--- TASK GOAL ---
The whole listing is to be retyped exactly as it appears.
■ ■ ■
theorem theoremT:
  fixes X Y :: "('a::finite) list set"
  assumes "X \<noteq> {}" and "Y \<noteq> {}" and "X \<subseteq> plus_words" and "Y \<subseteq> plus_words"
  shows
   "((alt_induced (conc X Y) \<and> prefix_code (conc X Y) \<and>
      alt_induced (conc Y X) \<and> prefix_code (conc Y X))
       \<longleftrightarrow> prefix_code X \<and> prefix_code Y) \<and>
    ((alt_induced (conc X Y) \<and> maximal_prefix_code (conc X Y) \<and>
      alt_induced (conc Y X) \<and> maximal_prefix_code (conc Y X))
       \<longleftrightarrow> maximal_prefix_code X \<and> maximal_prefix_code Y) \<and>
    ((alt_induced (conc X Y) \<and> suffix_code (conc X Y) \<and>
      alt_induced (conc Y X) \<and> suffix_code (conc Y X))
       \<longleftrightarrow> suffix_code X \<and> suffix_code Y) \<and>
    ((alt_induced (conc X Y) \<and> maximal_suffix_code (conc X Y) \<and>
      alt_induced (conc Y X) \<and> maximal_suffix_code (conc Y X))
       \<longleftrightarrow> maximal_suffix_code X \<and> maximal_suffix_code Y) \<and>
    ((alt_induced (conc X Y) \<and> bifix_code (conc X Y) \<and>
      alt_induced (conc Y X) \<and> bifix_code (conc Y X))
       \<longleftrightarrow> bifix_code X \<and> bifix_code Y) \<and>
    ((alt_induced (conc X Y) \<and> thin (conc X Y) \<and> maximal_bifix_code (conc X Y) \<and>
      alt_induced (conc Y X) \<and> thin (conc Y X) \<and> maximal_bifix_code (conc Y X))
       \<longleftrightarrow> thin X \<and> maximal_bifix_code X \<and> thin Y \<and> maximal_bifix_code Y)"
proof -
  have combine: "alt_induced (conc X Y) \<and> P (conc X Y) \<and> alt_induced (conc Y X) \<and> P (conc Y X)
      \<longleftrightarrow> P X \<and> P Y"
    if "P (conc X Y) \<and> P (conc Y X) \<longleftrightarrow> P X \<and> P Y"
      and "P X \<and> P Y \<Longrightarrow> alt_induced (conc X Y) \<and> alt_induced (conc Y X)"
    for P :: "'a list set \<Rightarrow> bool"
    using that by blast
  have prefix: "prefix_code X \<and> prefix_code Y \<Longrightarrow> alt_induced (conc X Y) \<and> alt_induced (conc Y X)"
    using alt_induced_conc_if_prefix_codes[of X Y] alt_induced_conc_if_prefix_codes[of Y X] assms(1,2)
    by blast
  have suffix: "suffix_code X \<and> suffix_code Y \<Longrightarrow> alt_induced (conc X Y) \<and> alt_induced (conc Y X)"
    using alt_induced_conc_if_suffix_codes[of X Y] alt_induced_conc_if_suffix_codes[of Y X] assms(1,2)
    by blast
  have thin_bifix: "alt_induced (conc X Y) \<and> thin (conc X Y) \<and> maximal_bifix_code (conc X Y) \<and>
      alt_induced (conc Y X) \<and> thin (conc Y X) \<and> maximal_bifix_code (conc Y X)
    \<longleftrightarrow> thin X \<and> maximal_bifix_code X \<and> thin Y \<and> maximal_bifix_code Y"
  proof -
    have "maximal_bifix_code Z \<Longrightarrow> prefix_code Z" for Z :: "'a list set"
      unfolding maximal_bifix_code_def bifix_code_def by simp
    then show ?thesis using thin_maximal_bifix_code_conc_iff[OF assms] prefix by blast
  qed
  show ?thesis
    by (intro conjI thin_bifix
        combine[OF prefix_code_conc_iff[OF assms] prefix]
        combine[OF maximal_prefix_code_conc_iff[OF assms]]
        combine[OF suffix_code_conc_iff[OF assms] suffix]
        combine[OF maximal_suffix_code_conc_iff[OF assms]]
        combine[OF bifix_code_conc_iff[OF assms]])
      (use prefix suffix in \<open>auto simp: maximal_prefix_code_def maximal_suffix_code_def bifix_code_def\<close>)
qed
■ ■ ■
--- EXERCISE ANSWER ---
theorem theoremT:
  fixes X Y :: "('a::finite) list set"
  assumes "X \<noteq> {}" and "Y \<noteq> {}" and "X \<subseteq> plus_words" and "Y \<subseteq> plus_words"
  shows
   "((alt_induced (conc X Y) \<and> prefix_code (conc X Y) \<and>
      alt_induced (conc Y X) \<and> prefix_code (conc Y X))
       \<longleftrightarrow> prefix_code X \<and> prefix_code Y) \<and>
    ((alt_induced (conc X Y) \<and> maximal_prefix_code (conc X Y) \<and>
      alt_induced (conc Y X) \<and> maximal_prefix_code (conc Y X))
       \<longleftrightarrow> maximal_prefix_code X \<and> maximal_prefix_code Y) \<and>
    ((alt_induced (conc X Y) \<and> suffix_code (conc X Y) \<and>
      alt_induced (conc Y X) \<and> suffix_code (conc Y X))
       \<longleftrightarrow> suffix_code X \<and> suffix_code Y) \<and>
    ((alt_induced (conc X Y) \<and> maximal_suffix_code (conc X Y) \<and>
      alt_induced (conc Y X) \<and> maximal_suffix_code (conc Y X))
       \<longleftrightarrow> maximal_suffix_code X \<and> maximal_suffix_code Y) \<and>
    ((alt_induced (conc X Y) \<and> bifix_code (conc X Y) \<and>
      alt_induced (conc Y X) \<and> bifix_code (conc Y X))
       \<longleftrightarrow> bifix_code X \<and> bifix_code Y) \<and>
    ((alt_induced (conc X Y) \<and> thin (conc X Y) \<and> maximal_bifix_code (conc X Y) \<and>
      alt_induced (conc Y X) \<and> thin (conc Y X) \<and> maximal_bifix_code (conc Y X))
       \<longleftrightarrow> thin X \<and> maximal_bifix_code X \<and> thin Y \<and> maximal_bifix_code Y)"
proof -
  have combine: "alt_induced (conc X Y) \<and> P (conc X Y) \<and> alt_induced (conc Y X) \<and> P (conc Y X)
      \<longleftrightarrow> P X \<and> P Y"
    if "P (conc X Y) \<and> P (conc Y X) \<longleftrightarrow> P X \<and> P Y"
      and "P X \<and> P Y \<Longrightarrow> alt_induced (conc X Y) \<and> alt_induced (conc Y X)"
    for P :: "'a list set \<Rightarrow> bool"
    using that by blast
  have prefix: "prefix_code X \<and> prefix_code Y \<Longrightarrow> alt_induced (conc X Y) \<and> alt_induced (conc Y X)"
    using alt_induced_conc_if_prefix_codes[of X Y] alt_induced_conc_if_prefix_codes[of Y X] assms(1,2)
    by blast
  have suffix: "suffix_code X \<and> suffix_code Y \<Longrightarrow> alt_induced (conc X Y) \<and> alt_induced (conc Y X)"
    using alt_induced_conc_if_suffix_codes[of X Y] alt_induced_conc_if_suffix_codes[of Y X] assms(1,2)
    by blast
  have thin_bifix: "alt_induced (conc X Y) \<and> thin (conc X Y) \<and> maximal_bifix_code (conc X Y) \<and>
      alt_induced (conc Y X) \<and> thin (conc Y X) \<and> maximal_bifix_code (conc Y X)
    \<longleftrightarrow> thin X \<and> maximal_bifix_code X \<and> thin Y \<and> maximal_bifix_code Y"
  proof -
    have "maximal_bifix_code Z \<Longrightarrow> prefix_code Z" for Z :: "'a list set"
      unfolding maximal_bifix_code_def bifix_code_def by simp
    then show ?thesis using thin_maximal_bifix_code_conc_iff[OF assms] prefix by blast
  qed
  show ?thesis
    by (intro conjI thin_bifix
        combine[OF prefix_code_conc_iff[OF assms] prefix]
        combine[OF maximal_prefix_code_conc_iff[OF assms]]
        combine[OF suffix_code_conc_iff[OF assms] suffix]
        combine[OF maximal_suffix_code_conc_iff[OF assms]]
        combine[OF bifix_code_conc_iff[OF assms]])
      (use prefix suffix in \<open>auto simp: maximal_prefix_code_def maximal_suffix_code_def bifix_code_def\<close>)
qed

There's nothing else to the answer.